▸ TASK TO CARRY OUT:
Please give an exact transcription of the records shown below.

*** Opening of DATA FOR THIS TASK ***

lemma two_class_mat_eigvecs:
  assumes "p \<ge> 1"
    and "two_class_quadratic p q a b c t1 = 0" "two_class_quadratic p q a b c t2 = 0"
  defines "P \<equiv> two_class_eigvec_mat p q (c * real q) (t1 - (real p - 1) * a) (t2 - (real p - 1) * a)"
  shows "two_class_mat p q a b c * P = P * mat_diag (p + q) (two_class_eigvals p a b t1 t2)"
proof -
  have "P \<in> carrier_mat (p + q) (p + q)" by (simp add: P_def two_class_eigvec_mat_def)
  then show ?thesis
    unfolding mat_diag_mult_right[OF \<open>P \<in> _\<close>]
    by (intro eq_matI)
      (simp_all add: two_class_mat_def P_def two_class_eigvec_mat_def scalar_prod_def
        two_class_mat_mult_eigvec_entry[OF assms(1) _ _ assms(2,3)])
qed

lemma sum_two_class_eigvec_entry:
  assumes p: "p \<ge> 1" and q: "q \<ge> 1" and i: "i < p + q"
  shows "(\<Sum>j\<in>{0..<p+q}. two_class_eigvec_entry p u v1 v2 i j * w j) =
    (if i < p then u * (w 0 + w p) else v1 * w 0 + v2 * w p) +
    (if i = 0 then - (\<Sum>j\<in>{0..<p} - {0}. w j)
     else if i = p then - (\<Sum>j\<in>{p..<p+q} - {p}. w j) else w i)"
proof -
  let ?e = "two_class_eigvec_entry p u v1 v2"
  have split: "{0..<p+q} = insert 0 (insert p (({0..<p} - {0}) \<union> ({p..<p+q} - {p})))"
    using p q by auto
  have first: "(\<Sum>j\<in>{0..<p} - {0}. ?e i j * w j) =
      (if i = 0 then - (\<Sum>j\<in>{0..<p} - {0}. w j) else if i < p then w i else 0)"
  proof -
    have "(\<Sum>j\<in>{0..<p} - {0}. ?e i j * w j) =
        (\<Sum>j\<in>{0..<p} - {0}. (if i = j then w j else 0) - (if i = 0 then w j else 0))"
      by (rule sum.cong) (auto simp: two_class_eigvec_entry_def)
    then show ?thesis by (auto simp: sum_subtractf)
  qed
  have second: "(\<Sum>j\<in>{p..<p+q} - {p}. ?e i j * w j) =
      (if i = p then - (\<Sum>j\<in>{p..<p+q} - {p}. w j) else if p < i then w i else 0)"
  proof -
    have "(\<Sum>j\<in>{p..<p+q} - {p}. ?e i j * w j) =
        (\<Sum>j\<in>{p..<p+q} - {p}. (if i = j then w j else 0) - (if i = p then w j else 0))"
      by (rule sum.cong) (auto simp: two_class_eigvec_entry_def)
    then show ?thesis using i by (auto simp: sum_subtractf)
  qed
  have "(\<Sum>j\<in>{0..<p+q}. ?e i j * w j) = ?e i 0 * w 0 + ?e i p * w p +
      (\<Sum>j\<in>{0..<p} - {0}. ?e i j * w j) + (\<Sum>j\<in>{p..<p+q} - {p}. ?e i j * w j)"
    unfolding split using p by (simp add: add.assoc) (rule sum.union_disjoint, auto)
  then show ?thesis
    unfolding first second using p i by (auto simp: two_class_eigvec_entry_def algebra_simps)
qed
lemma (in prob_space) subgaussian_steps_abs_tail_le:
  assumes "subgaussian_steps M c m Z" "m > 0" "c > 0" "t > 0"
    and "\<And>i. i < m \<Longrightarrow> Z i \<in> borel_measurable M" "\<And>i. i < m \<Longrightarrow> AE \<omega> in M. \<bar>Z i \<omega>\<bar> \<le> K"
  shows "measure M {\<omega> \<in> space M. \<bar>\<Sum>i<m. Z i \<omega>\<bar> > t} \<le> 2 * exp (- 2 * t\<^sup>2 / (real m * c\<^sup>2))"
proof -
  have [measurable]: "(\<lambda>\<omega>. \<Sum>j<m. Z j \<omega>) \<in> borel_measurable M"
    using assms(5) by (intro borel_measurable_sum) auto
  have "{\<omega> \<in> space M. \<bar>\<Sum>i<m. Z i \<omega>\<bar> > t}
      = {\<omega> \<in> space M. (\<Sum>i<m. Z i \<omega>) > t} \<union> {\<omega> \<in> space M. (\<Sum>i<m. - Z i \<omega>) > t}"
    by (auto simp: sum_negf)
  then have "measure M {\<omega> \<in> space M. \<bar>\<Sum>i<m. Z i \<omega>\<bar> > t}
      \<le> measure M {\<omega> \<in> space M. (\<Sum>i<m. Z i \<omega>) > t} + measure M {\<omega> \<in> space M. (\<Sum>i<m. - Z i \<omega>) > t}"
    by (auto intro!: measure_Un_le simp: sum_negf)
  also have "\<dots> \<le> exp (- 2 * t\<^sup>2 / (real m * c\<^sup>2)) + exp (- 2 * t\<^sup>2 / (real m * c\<^sup>2))"
    using assms subgaussian_steps_uminus[OF assms(1)]
    by (intro add_mono subgaussian_steps_tail_le[where K = K]) auto
  finally show ?thesis by simp
qed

*** Close of DATA FOR THIS TASK ***

▸ TASK OUTPUT:
lemma two_class_mat_eigvecs:
  assumes "p \<ge> 1"
    and "two_class_quadratic p q a b c t1 = 0" "two_class_quadratic p q a b c t2 = 0"
  defines "P \<equiv> two_class_eigvec_mat p q (c * real q) (t1 - (real p - 1) * a) (t2 - (real p - 1) * a)"
  shows "two_class_mat p q a b c * P = P * mat_diag (p + q) (two_class_eigvals p a b t1 t2)"
proof -
  have "P \<in> carrier_mat (p + q) (p + q)" by (simp add: P_def two_class_eigvec_mat_def)
  then show ?thesis
    unfolding mat_diag_mult_right[OF \<open>P \<in> _\<close>]
    by (intro eq_matI)
      (simp_all add: two_class_mat_def P_def two_class_eigvec_mat_def scalar_prod_def
        two_class_mat_mult_eigvec_entry[OF assms(1) _ _ assms(2,3)])
qed

lemma sum_two_class_eigvec_entry:
  assumes p: "p \<ge> 1" and q: "q \<ge> 1" and i: "i < p + q"
  shows "(\<Sum>j\<in>{0..<p+q}. two_class_eigvec_entry p u v1 v2 i j * w j) =
    (if i < p then u * (w 0 + w p) else v1 * w 0 + v2 * w p) +
    (if i = 0 then - (\<Sum>j\<in>{0..<p} - {0}. w j)
     else if i = p then - (\<Sum>j\<in>{p..<p+q} - {p}. w j) else w i)"
proof -
  let ?e = "two_class_eigvec_entry p u v1 v2"
  have split: "{0..<p+q} = insert 0 (insert p (({0..<p} - {0}) \<union> ({p..<p+q} - {p})))"
    using p q by auto
  have first: "(\<Sum>j\<in>{0..<p} - {0}. ?e i j * w j) =
      (if i = 0 then - (\<Sum>j\<in>{0..<p} - {0}. w j) else if i < p then w i else 0)"
  proof -
    have "(\<Sum>j\<in>{0..<p} - {0}. ?e i j * w j) =
        (\<Sum>j\<in>{0..<p} - {0}. (if i = j then w j else 0) - (if i = 0 then w j else 0))"
      by (rule sum.cong) (auto simp: two_class_eigvec_entry_def)
    then show ?thesis by (auto simp: sum_subtractf)
  qed
  have second: "(\<Sum>j\<in>{p..<p+q} - {p}. ?e i j * w j) =
      (if i = p then - (\<Sum>j\<in>{p..<p+q} - {p}. w j) else if p < i then w i else 0)"
  proof -
    have "(\<Sum>j\<in>{p..<p+q} - {p}. ?e i j * w j) =
        (\<Sum>j\<in>{p..<p+q} - {p}. (if i = j then w j else 0) - (if i = p then w j else 0))"
      by (rule sum.cong) (auto simp: two_class_eigvec_entry_def)
    then show ?thesis using i by (auto simp: sum_subtractf)
  qed
  have "(\<Sum>j\<in>{0..<p+q}. ?e i j * w j) = ?e i 0 * w 0 + ?e i p * w p +
      (\<Sum>j\<in>{0..<p} - {0}. ?e i j * w j) + (\<Sum>j\<in>{p..<p+q} - {p}. ?e i j * w j)"
    unfolding split using p by (simp add: add.assoc) (rule sum.union_disjoint, auto)
  then show ?thesis
    unfolding first second using p i by (auto simp: two_class_eigvec_entry_def algebra_simps)
qed
lemma (in prob_space) subgaussian_steps_abs_tail_le:
  assumes "subgaussian_steps M c m Z" "m > 0" "c > 0" "t > 0"
    and "\<And>i. i < m \<Longrightarrow> Z i \<in> borel_measurable M" "\<And>i. i < m \<Longrightarrow> AE \<omega> in M. \<bar>Z i \<omega>\<bar> \<le> K"
  shows "measure M {\<omega> \<in> space M. \<bar>\<Sum>i<m. Z i \<omega>\<bar> > t} \<le> 2 * exp (- 2 * t\<^sup>2 / (real m * c\<^sup>2))"
proof -
  have [measurable]: "(\<lambda>\<omega>. \<Sum>j<m. Z j \<omega>) \<in> borel_measurable M"
    using assms(5) by (intro borel_measurable_sum) auto
  have "{\<omega> \<in> space M. \<bar>\<Sum>i<m. Z i \<omega>\<bar> > t}
      = {\<omega> \<in> space M. (\<Sum>i<m. Z i \<omega>) > t} \<union> {\<omega> \<in> space M. (\<Sum>i<m. - Z i \<omega>) > t}"
    by (auto simp: sum_negf)
  then have "measure M {\<omega> \<in> space M. \<bar>\<Sum>i<m. Z i \<omega>\<bar> > t}
      \<le> measure M {\<omega> \<in> space M. (\<Sum>i<m. Z i \<omega>) > t} + measure M {\<omega> \<in> space M. (\<Sum>i<m. - Z i \<omega>) > t}"
    by (auto intro!: measure_Un_le simp: sum_negf)
  also have "\<dots> \<le> exp (- 2 * t\<^sup>2 / (real m * c\<^sup>2)) + exp (- 2 * t\<^sup>2 / (real m * c\<^sup>2))"
    using assms subgaussian_steps_uminus[OF assms(1)]
    by (intro add_mono subgaussian_steps_tail_le[where K = K]) auto
  finally show ?thesis by simp
qed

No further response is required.